*** Begin section ***

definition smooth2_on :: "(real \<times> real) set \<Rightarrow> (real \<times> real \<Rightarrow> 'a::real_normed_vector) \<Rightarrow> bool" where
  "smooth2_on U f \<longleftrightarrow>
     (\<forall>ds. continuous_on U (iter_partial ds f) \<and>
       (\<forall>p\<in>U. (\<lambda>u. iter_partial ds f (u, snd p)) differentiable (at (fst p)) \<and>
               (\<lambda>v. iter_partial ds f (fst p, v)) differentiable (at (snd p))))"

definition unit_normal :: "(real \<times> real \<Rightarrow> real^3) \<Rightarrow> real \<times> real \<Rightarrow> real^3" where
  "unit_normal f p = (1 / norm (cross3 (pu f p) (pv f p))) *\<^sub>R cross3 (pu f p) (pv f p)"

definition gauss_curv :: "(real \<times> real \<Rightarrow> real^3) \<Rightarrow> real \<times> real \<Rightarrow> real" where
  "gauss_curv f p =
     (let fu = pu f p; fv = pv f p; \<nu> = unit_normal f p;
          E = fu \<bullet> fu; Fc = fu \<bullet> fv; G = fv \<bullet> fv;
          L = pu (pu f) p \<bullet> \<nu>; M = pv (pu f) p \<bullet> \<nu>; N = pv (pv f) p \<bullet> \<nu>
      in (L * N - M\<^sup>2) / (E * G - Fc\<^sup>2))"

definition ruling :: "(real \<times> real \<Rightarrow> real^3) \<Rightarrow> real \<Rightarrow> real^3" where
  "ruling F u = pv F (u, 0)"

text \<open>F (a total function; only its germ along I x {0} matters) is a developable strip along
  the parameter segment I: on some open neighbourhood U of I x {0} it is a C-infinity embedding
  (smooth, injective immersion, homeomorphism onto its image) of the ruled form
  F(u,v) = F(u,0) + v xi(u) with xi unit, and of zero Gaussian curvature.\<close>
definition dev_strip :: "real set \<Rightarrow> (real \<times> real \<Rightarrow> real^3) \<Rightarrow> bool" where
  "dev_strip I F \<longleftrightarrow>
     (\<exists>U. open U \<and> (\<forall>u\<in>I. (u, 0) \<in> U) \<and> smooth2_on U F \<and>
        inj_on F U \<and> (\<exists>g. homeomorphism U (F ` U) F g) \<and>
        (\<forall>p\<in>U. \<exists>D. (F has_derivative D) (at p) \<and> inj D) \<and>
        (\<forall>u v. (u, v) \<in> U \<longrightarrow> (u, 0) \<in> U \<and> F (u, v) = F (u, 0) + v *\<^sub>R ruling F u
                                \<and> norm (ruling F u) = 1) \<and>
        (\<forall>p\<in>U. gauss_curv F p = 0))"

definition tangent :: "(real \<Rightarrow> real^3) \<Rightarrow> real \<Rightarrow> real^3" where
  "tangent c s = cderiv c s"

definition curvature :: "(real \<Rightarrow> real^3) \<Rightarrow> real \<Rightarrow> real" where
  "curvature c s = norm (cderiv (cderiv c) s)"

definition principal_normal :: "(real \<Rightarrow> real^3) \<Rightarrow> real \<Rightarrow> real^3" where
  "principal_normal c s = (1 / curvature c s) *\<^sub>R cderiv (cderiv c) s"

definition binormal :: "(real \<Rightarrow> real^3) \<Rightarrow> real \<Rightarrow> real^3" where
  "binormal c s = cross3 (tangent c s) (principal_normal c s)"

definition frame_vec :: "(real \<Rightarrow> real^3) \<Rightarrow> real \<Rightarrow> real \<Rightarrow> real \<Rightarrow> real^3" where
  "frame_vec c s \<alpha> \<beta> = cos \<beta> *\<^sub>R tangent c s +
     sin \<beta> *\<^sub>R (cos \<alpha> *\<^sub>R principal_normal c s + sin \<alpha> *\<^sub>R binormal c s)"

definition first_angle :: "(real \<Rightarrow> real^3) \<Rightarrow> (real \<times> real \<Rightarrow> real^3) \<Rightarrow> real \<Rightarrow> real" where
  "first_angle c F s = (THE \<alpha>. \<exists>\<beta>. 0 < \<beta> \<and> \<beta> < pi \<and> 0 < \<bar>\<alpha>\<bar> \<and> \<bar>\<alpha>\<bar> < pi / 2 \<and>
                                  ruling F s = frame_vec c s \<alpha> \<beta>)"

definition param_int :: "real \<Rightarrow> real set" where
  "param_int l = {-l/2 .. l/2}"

*** End section ***
*** Begin section ***

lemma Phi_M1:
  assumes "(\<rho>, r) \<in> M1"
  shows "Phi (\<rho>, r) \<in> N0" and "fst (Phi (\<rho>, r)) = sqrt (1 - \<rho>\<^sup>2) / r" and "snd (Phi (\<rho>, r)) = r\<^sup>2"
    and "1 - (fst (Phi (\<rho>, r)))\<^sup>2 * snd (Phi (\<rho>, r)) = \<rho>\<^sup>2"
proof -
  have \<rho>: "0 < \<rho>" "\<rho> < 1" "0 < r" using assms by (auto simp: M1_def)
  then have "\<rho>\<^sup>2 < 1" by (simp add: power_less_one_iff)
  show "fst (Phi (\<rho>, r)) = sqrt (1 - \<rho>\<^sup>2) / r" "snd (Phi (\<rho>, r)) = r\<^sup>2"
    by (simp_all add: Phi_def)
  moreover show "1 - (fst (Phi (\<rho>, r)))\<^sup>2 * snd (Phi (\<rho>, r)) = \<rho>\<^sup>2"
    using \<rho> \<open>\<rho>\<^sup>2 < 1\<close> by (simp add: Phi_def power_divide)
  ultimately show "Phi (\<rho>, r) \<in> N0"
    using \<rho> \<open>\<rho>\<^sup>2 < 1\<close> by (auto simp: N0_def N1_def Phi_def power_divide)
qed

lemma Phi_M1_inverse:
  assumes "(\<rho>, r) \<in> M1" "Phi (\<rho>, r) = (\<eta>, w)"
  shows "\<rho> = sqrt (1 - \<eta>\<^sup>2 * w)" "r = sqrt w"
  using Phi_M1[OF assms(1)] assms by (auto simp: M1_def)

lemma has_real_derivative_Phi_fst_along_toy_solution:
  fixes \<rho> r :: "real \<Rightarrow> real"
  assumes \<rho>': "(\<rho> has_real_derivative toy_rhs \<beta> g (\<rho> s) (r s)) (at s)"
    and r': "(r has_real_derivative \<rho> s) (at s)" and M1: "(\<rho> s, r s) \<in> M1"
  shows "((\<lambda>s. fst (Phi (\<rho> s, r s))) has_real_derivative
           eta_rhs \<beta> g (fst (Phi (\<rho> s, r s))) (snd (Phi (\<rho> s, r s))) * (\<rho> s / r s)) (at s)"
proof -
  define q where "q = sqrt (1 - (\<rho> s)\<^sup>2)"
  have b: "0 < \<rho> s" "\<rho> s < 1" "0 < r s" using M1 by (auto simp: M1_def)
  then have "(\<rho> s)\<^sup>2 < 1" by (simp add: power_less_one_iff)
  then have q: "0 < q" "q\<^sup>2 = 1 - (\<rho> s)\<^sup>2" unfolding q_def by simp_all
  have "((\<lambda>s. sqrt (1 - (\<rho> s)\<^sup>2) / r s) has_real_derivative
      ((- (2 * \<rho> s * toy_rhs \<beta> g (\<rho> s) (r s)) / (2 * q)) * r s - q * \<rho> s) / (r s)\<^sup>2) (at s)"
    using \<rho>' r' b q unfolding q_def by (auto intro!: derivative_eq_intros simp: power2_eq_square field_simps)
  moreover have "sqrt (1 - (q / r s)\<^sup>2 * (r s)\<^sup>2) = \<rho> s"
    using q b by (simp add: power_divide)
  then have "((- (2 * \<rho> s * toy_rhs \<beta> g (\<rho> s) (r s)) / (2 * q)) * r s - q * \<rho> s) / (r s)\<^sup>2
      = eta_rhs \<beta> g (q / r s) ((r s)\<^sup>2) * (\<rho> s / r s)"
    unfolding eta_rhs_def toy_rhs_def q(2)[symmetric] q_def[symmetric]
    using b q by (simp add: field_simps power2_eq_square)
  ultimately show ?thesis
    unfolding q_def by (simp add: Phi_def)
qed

*** End section ***
*** Begin section ***

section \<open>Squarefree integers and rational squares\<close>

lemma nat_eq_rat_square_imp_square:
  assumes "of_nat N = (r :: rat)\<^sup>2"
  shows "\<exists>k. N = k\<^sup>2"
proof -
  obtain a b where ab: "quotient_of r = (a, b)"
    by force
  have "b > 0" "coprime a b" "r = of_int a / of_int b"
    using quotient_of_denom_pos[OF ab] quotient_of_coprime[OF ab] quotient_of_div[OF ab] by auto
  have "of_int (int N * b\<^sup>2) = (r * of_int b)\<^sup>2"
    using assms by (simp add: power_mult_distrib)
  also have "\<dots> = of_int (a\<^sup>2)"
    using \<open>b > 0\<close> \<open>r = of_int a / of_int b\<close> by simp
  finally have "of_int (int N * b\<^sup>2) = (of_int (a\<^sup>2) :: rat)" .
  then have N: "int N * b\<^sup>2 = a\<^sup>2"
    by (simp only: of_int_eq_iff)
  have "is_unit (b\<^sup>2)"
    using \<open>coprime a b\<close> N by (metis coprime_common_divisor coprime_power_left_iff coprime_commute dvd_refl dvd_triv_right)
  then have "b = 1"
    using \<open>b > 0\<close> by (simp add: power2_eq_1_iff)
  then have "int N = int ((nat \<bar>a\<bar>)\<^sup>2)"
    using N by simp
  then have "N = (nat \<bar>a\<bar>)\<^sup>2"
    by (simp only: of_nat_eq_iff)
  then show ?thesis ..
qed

*** End section ***

Task instructions: Using the entries shown above, reproduce verbatim the lines from the line bearing "set \<Rightarrow> (real \<times> real \<Rightarrow> real^3)" to the line bearing "inj_on F U \<and>", inclusive.

Answer box:
definition dev_strip :: "real set \<Rightarrow> (real \<times> real \<Rightarrow> real^3) \<Rightarrow> bool" where
  "dev_strip I F \<longleftrightarrow>
     (\<exists>U. open U \<and> (\<forall>u\<in>I. (u, 0) \<in> U) \<and> smooth2_on U F \<and>
        inj_on F U \<and> (\<exists>g. homeomorphism U (F ` U) F g) \<and>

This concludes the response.